Records excerpted from a collection:
┌──

(* Let $\mathcal H$ be a Hilbert space of finite dimension $d$, let $\{|e_s\rangle\}_{s=0}^{d-1}$ be an orthonormal basis of $\mathcal H$, let $\{\lambda_s\}_{s=0}^{d-1}$ be a probability distribution, and let $V=\sum_{s=0}^{d-1}\exp\!\left(i\frac{2\pi s}{d}\right)|e_s\rangle\langle e_s|$. Let $\Phi$ be the phase damping channel $\Phi(\rho)=\sum_{j=0}^{d-1}\lambda_j V^j\rho V^{*j}$ on $\mathfrak S(\mathcal H)$. Let $\mathcal A$ be the set of states on $\mathcal H$ that can be written as convex combinations of pure states $|f\rangle\langle f|$ satisfying $|\langle f|e_s\rangle|=\frac{1}{\sqrt d}$ for all $0\le s\le d-1$. Then for every $\rho\in\mathcal A$, $$H_\Phi(\rho)\le -\sum_{j=0}^{d-1}\lambda_j\log\lambda_j .$$
   Context: $\mathfrak S(\mathcal H)$ denotes the set of density operators (positive, unit-trace operators) on $\mathcal H$, and $S(\sigma)=-\mathrm{Tr}(\sigma\log\sigma)$ is the von Neumann entropy. For a quantum channel (completely positive trace-preserving linear map) $\Phi$ with input space $\mathcal H$, and $\rho\in\mathfrak S(\mathcal H)$, $H_\Phi(\rho):=\min\sum_{j=1}^k\pi_jS(\Phi(\rho_j))$, where the minimum is over all finite decompositions $\rho=\sum_{j=1}^k\pi_j\rho_j$ with $\{\pi_j\}$ a probability distribution and $\rho_j\in\mathfrak S(\mathcal H)$. *)

theory Defs
  imports "Jordan_Normal_Form.Char_Poly" "Jordan_Normal_Form.Schur_Decomposition"
begin

(* Hilbert space H of dimension d is modelled as complex^d (complex vec of dim d);
   operators are d x d complex matrices. *)

definition braket :: "complex vec \<Rightarrow> complex vec \<Rightarrow> complex" where
  "braket f g = (\<Sum>i<dim_vec f. cnj (f $ i) * g $ i)"

definition ketbra :: "complex vec \<Rightarrow> complex vec \<Rightarrow> complex mat" where
  "ketbra u v = mat (dim_vec u) (dim_vec v) (\<lambda>(i,j). u $ i * cnj (v $ j))"

definition mtrace :: "complex mat \<Rightarrow> complex" where
  "mtrace A = (\<Sum>i<dim_row A. A $$ (i,i))"

definition msum :: "nat \<Rightarrow> nat \<Rightarrow> (nat \<Rightarrow> complex mat) \<Rightarrow> complex mat" where
  "msum d k F = mat d d (\<lambda>ij. \<Sum>j<k. F j $$ ij)"

definition positive_op :: "nat \<Rightarrow> complex mat \<Rightarrow> bool" where
  "positive_op d A \<longleftrightarrow> A \<in> carrier_mat d d \<and>
     (\<forall>v \<in> carrier_vec d. Im (braket v (A *\<^sub>v v)) = 0 \<and> Re (braket v (A *\<^sub>v v)) \<ge> 0)"

definition density :: "nat \<Rightarrow> complex mat \<Rightarrow> bool" where
  "density d \<rho> \<longleftrightarrow> positive_op d \<rho> \<and> mtrace \<rho> = 1"

(* eigenvalues counted with algebraic multiplicity (roots of the characteristic polynomial);
   the multiset is unique, so the sums below do not depend on the choice *)
definition eigvals :: "complex mat \<Rightarrow> complex list" where
  "eigvals A = (SOME as. char_poly A = (\<Prod>a\<leftarrow>as. [:- a, 1:]) \<and> length as = dim_row A)"

(* von Neumann entropy S(sigma) = - Tr(sigma log sigma) = - sum mu log mu over eigenvalues;
   note 0 * ln 0 = 0 in Isabelle, matching the convention 0 log 0 = 0 *)
definition vN_entropy :: "complex mat \<Rightarrow> real" where
  "vN_entropy \<sigma> = - (\<Sum>a\<leftarrow>eigvals \<sigma>. Re a * ln (Re a))"

definition H_Phi :: "nat \<Rightarrow> (complex mat \<Rightarrow> complex mat) \<Rightarrow> complex mat \<Rightarrow> real" where
  "H_Phi d \<Phi> \<rho> = Inf {(\<Sum>j<k. p j * vN_entropy (\<Phi> (\<sigma> j))) | k p \<sigma>.
      (\<forall>j<k. p j \<ge> 0 \<and> density d (\<sigma> j)) \<and> (\<Sum>j<k. p j) = 1 \<and>
      \<rho> = msum d k (\<lambda>j. complex_of_real (p j) \<cdot>\<^sub>m \<sigma> j)}"

definition orthonormal_basis :: "nat \<Rightarrow> (nat \<Rightarrow> complex vec) \<Rightarrow> bool" where
  "orthonormal_basis d e \<longleftrightarrow> (\<forall>s<d. e s \<in> carrier_vec d) \<and>
     (\<forall>s<d. \<forall>t<d. braket (e s) (e t) = (if s = t then 1 else 0))"

definition phaseV :: "nat \<Rightarrow> (nat \<Rightarrow> complex vec) \<Rightarrow> complex mat" where
  "phaseV d e = msum d d (\<lambda>s. exp (\<i> * complex_of_real (2 * pi * real s / real d)) \<cdot>\<^sub>m ketbra (e s) (e s))"

definition phase_damping :: "nat \<Rightarrow> (nat \<Rightarrow> complex vec) \<Rightarrow> (nat \<Rightarrow> real) \<Rightarrow> complex mat \<Rightarrow> complex mat" where
  "phase_damping d e lam \<rho> = msum d d (\<lambda>j. complex_of_real (lam j) \<cdot>\<^sub>m
      ((phaseV d e ^\<^sub>m j) * \<rho> * mat_adjoint (phaseV d e ^\<^sub>m j)))"

definition mub_states :: "nat \<Rightarrow> (nat \<Rightarrow> complex vec) \<Rightarrow> complex mat set" where
  "mub_states d e = {msum d k (\<lambda>j. complex_of_real (p j) \<cdot>\<^sub>m ketbra (f j) (f j)) | k p f.
      (\<forall>j<k. p j \<ge> 0 \<and> f j \<in> carrier_vec d \<and>
          (\<forall>s<d. cmod (braket (f j) (e s)) = 1 / sqrt (real d))) \<and>
      (\<Sum>j<k. p j) = 1}"

end

theory Submission
  imports Defs "Berlekamp_Zassenhaus.Mahler_Measure"
begin

text \<open>For a unit vector \<open>f\<close> unbiased with respect to the basis \<open>e\<close>, the vectors \<open>V\<^sup>j f\<close>
  (\<open>j < d\<close>) are again an orthonormal basis, because their coefficients \<open>\<omega>\<^sup>s\<^sup>j\<langle>e\<^sub>s|f\<rangle>\<close> differ
  only by \<open>d\<close>-th roots of unity. Hence \<open>\<Phi>(|f\<rangle>\<langle>f|) = \<Sum>\<^sub>j \<lambda>\<^sub>j |V\<^sup>j f\<rangle>\<langle>V\<^sup>j f|\<close> is unitarily
  diagonal with spectrum \<open>\<lambda>\<close>, and its entropy is \<open>H(\<lambda>)\<close>. A state of \<open>\<A>\<close> is a convex combination of
  such pure states, so this decomposition bounds the infimum defining \<open>H\<^sub>\<Phi>\<close>. That infimum is
  taken over a set bounded below, since entries of \<open>\<Phi>(\<sigma>)\<close>, hence its eigenvalues, hence its
  entropy, are bounded uniformly over density operators \<open>\<sigma>\<close>.\<close>

lemma index_mult_mat_sum:
  assumes "A \<in> carrier_mat n m" "B \<in> carrier_mat m p" "i < n" "j < p"
  shows "(A * B) $$ (i,j) = (\<Sum>k<m. A $$ (i,k) * B $$ (k,j))"
  using assms by (auto simp: scalar_prod_def lessThan_atLeast0 intro!: sum.cong)

lemma index_mult_mat_vec_sum:
  assumes "A \<in> carrier_mat n m" "v \<in> carrier_vec m" "i < n"
  shows "(A *\<^sub>v v) $ i = (\<Sum>k<m. A $$ (i,k) * v $ k)"
  using assms by (auto simp: scalar_prod_def lessThan_atLeast0 intro!: sum.cong)

lemma mat_adjoint_carrier: "A \<in> carrier_mat n m \<Longrightarrow> mat_adjoint A \<in> carrier_mat m n"
  by (auto simp: mat_adjoint_def)

lemma index_mat_adjoint:
  assumes "A \<in> carrier_mat n m" "i < m" "j < n"
  shows "mat_adjoint A $$ (i,j) = cnj (A $$ (j,i))"
  using assms by (auto simp: mat_adjoint_def mat_of_rows_def)

lemma msum_carrier: "msum d k F \<in> carrier_mat d d"
  by (auto simp: msum_def)

lemma index_msum: "i < d \<Longrightarrow> j < d \<Longrightarrow> msum d k F $$ (i,j) = (\<Sum>l<k. F l $$ (i,j))"
  by (auto simp: msum_def)

lemma ketbra_carrier: "u \<in> carrier_vec n \<Longrightarrow> v \<in> carrier_vec m \<Longrightarrow> ketbra u v \<in> carrier_mat n m"
  by (auto simp: ketbra_def)

lemma index_ketbra:
  "u \<in> carrier_vec n \<Longrightarrow> v \<in> carrier_vec m \<Longrightarrow> i < n \<Longrightarrow> j < m \<Longrightarrow> ketbra u v $$ (i,j) = u $ i * cnj (v $ j)"
  by (auto simp: ketbra_def)

lemma braket_eq_sum: "f \<in> carrier_vec n \<Longrightarrow> braket f g = (\<Sum>i<n. cnj (f $ i) * g $ i)"
  by (auto simp: braket_def)

lemma cnj_braket: "f \<in> carrier_vec n \<Longrightarrow> g \<in> carrier_vec n \<Longrightarrow> cnj (braket f g) = braket g f"
  by (simp add: braket_eq_sum cnj_sum mult.commute)

lemma cnj_mult_self: "cnj z * z = complex_of_real (cmod z ^ 2)"
  by (metis complex_norm_square mult.commute)

lemma mult_ketbra_mult_adjoint:
  assumes M: "M \<in> carrier_mat n n" and f: "f \<in> carrier_vec n"
  shows "M * ketbra f f * mat_adjoint M = ketbra (M *\<^sub>v f) (M *\<^sub>v f)"
proof (rule eq_matI)
  have K: "ketbra f f \<in> carrier_mat n n" by (rule ketbra_carrier[OF f f])
  have MK: "M * ketbra f f \<in> carrier_mat n n" using M K by auto
  have Mf: "M *\<^sub>v f \<in> carrier_vec n" using M f by auto
  fix a b assume "a < dim_row (ketbra (M *\<^sub>v f) (M *\<^sub>v f))" "b < dim_col (ketbra (M *\<^sub>v f) (M *\<^sub>v f))"
  hence ab: "a < n" "b < n" using M by (auto simp: ketbra_def)
  have "(M * ketbra f f * mat_adjoint M) $$ (a,b)
      = (\<Sum>k<n. (\<Sum>l<n. M $$ (a,l) * (f $ l * cnj (f $ k))) * cnj (M $$ (b,k)))"
    using ab by (simp add: index_mult_mat_sum[OF MK mat_adjoint_carrier[OF M]] index_mult_mat_sum[OF M K]
        index_mat_adjoint[OF M] index_ketbra[OF f f])
  also have "\<dots> = (\<Sum>k<n. \<Sum>l<n. (M $$ (a,l) * f $ l) * cnj (M $$ (b,k) * f $ k))"
    by (intro sum.cong refl, subst sum_distrib_right, intro sum.cong refl, simp add: mult_ac)
  also have "\<dots> = (\<Sum>l<n. \<Sum>k<n. (M $$ (a,l) * f $ l) * cnj (M $$ (b,k) * f $ k))"
    by (rule sum.swap)
  also have "\<dots> = (\<Sum>l<n. M $$ (a,l) * f $ l) * cnj (\<Sum>k<n. M $$ (b,k) * f $ k)"
    by (simp only: cnj_sum sum_product)
  also have "\<dots> = ketbra (M *\<^sub>v f) (M *\<^sub>v f) $$ (a,b)"
    using ab by (simp add: index_ketbra[OF Mf Mf] index_mult_mat_vec_sum[OF M f])
  finally show "(M * ketbra f f * mat_adjoint M) $$ (a,b) = ketbra (M *\<^sub>v f) (M *\<^sub>v f) $$ (a,b)" .
qed (use M f in \<open>auto simp: ketbra_def mat_adjoint_def\<close>)

lemma density_ketbra:
  assumes f: "f \<in> carrier_vec n" and unit: "braket f f = 1"
  shows "density n (ketbra f f)"
proof -
  have K: "ketbra f f \<in> carrier_mat n n" by (rule ketbra_carrier[OF f f])
  have "mtrace (ketbra f f) = braket f f"
    using K f by (simp add: mtrace_def index_ketbra braket_eq_sum mult.commute)
  moreover have "braket v (ketbra f f *\<^sub>v v) = complex_of_real (cmod (braket f v) ^ 2)"
    if v: "v \<in> carrier_vec n" for v
  proof -
    have "(ketbra f f *\<^sub>v v) $ i = f $ i * braket f v" if "i < n" for i
      using that f v by (simp add: index_mult_mat_vec_sum[OF K v] index_ketbra braket_eq_sum
          sum_distrib_left mult_ac)
    hence "braket v (ketbra f f *\<^sub>v v) = braket v f * braket f v"
      using v by (simp add: braket_eq_sum sum_distrib_right mult.assoc)
    thus ?thesis by (simp add: cnj_braket[OF f v, symmetric] cnj_mult_self)
  qed
  ultimately show ?thesis
    using K unit by (simp add: density_def positive_op_def)
qed

lemma char_poly_eigvals:
  assumes "A \<in> carrier_mat n n"
  shows "char_poly A = (\<Prod>a\<leftarrow>eigvals A. [:- a, 1:])" and "length (eigvals A) = n"
proof -
  have "\<exists>as. char_poly A = (\<Prod>a\<leftarrow>as. [:- a, 1:]) \<and> length as = dim_row A"
    using char_poly_factorized[OF assms] assms by auto
  from someI_ex[OF this] show "char_poly A = (\<Prod>a\<leftarrow>eigvals A. [:- a, 1:])" "length (eigvals A) = n"
    using assms unfolding eigvals_def by auto
qed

└──

Find every line above that contains the word "imports", and return each one.

  imports "Jordan_Normal_Form.Char_Poly" "Jordan_Normal_Form.Schur_Decomposition"
  imports Defs "Berlekamp_Zassenhaus.Mahler_Measure"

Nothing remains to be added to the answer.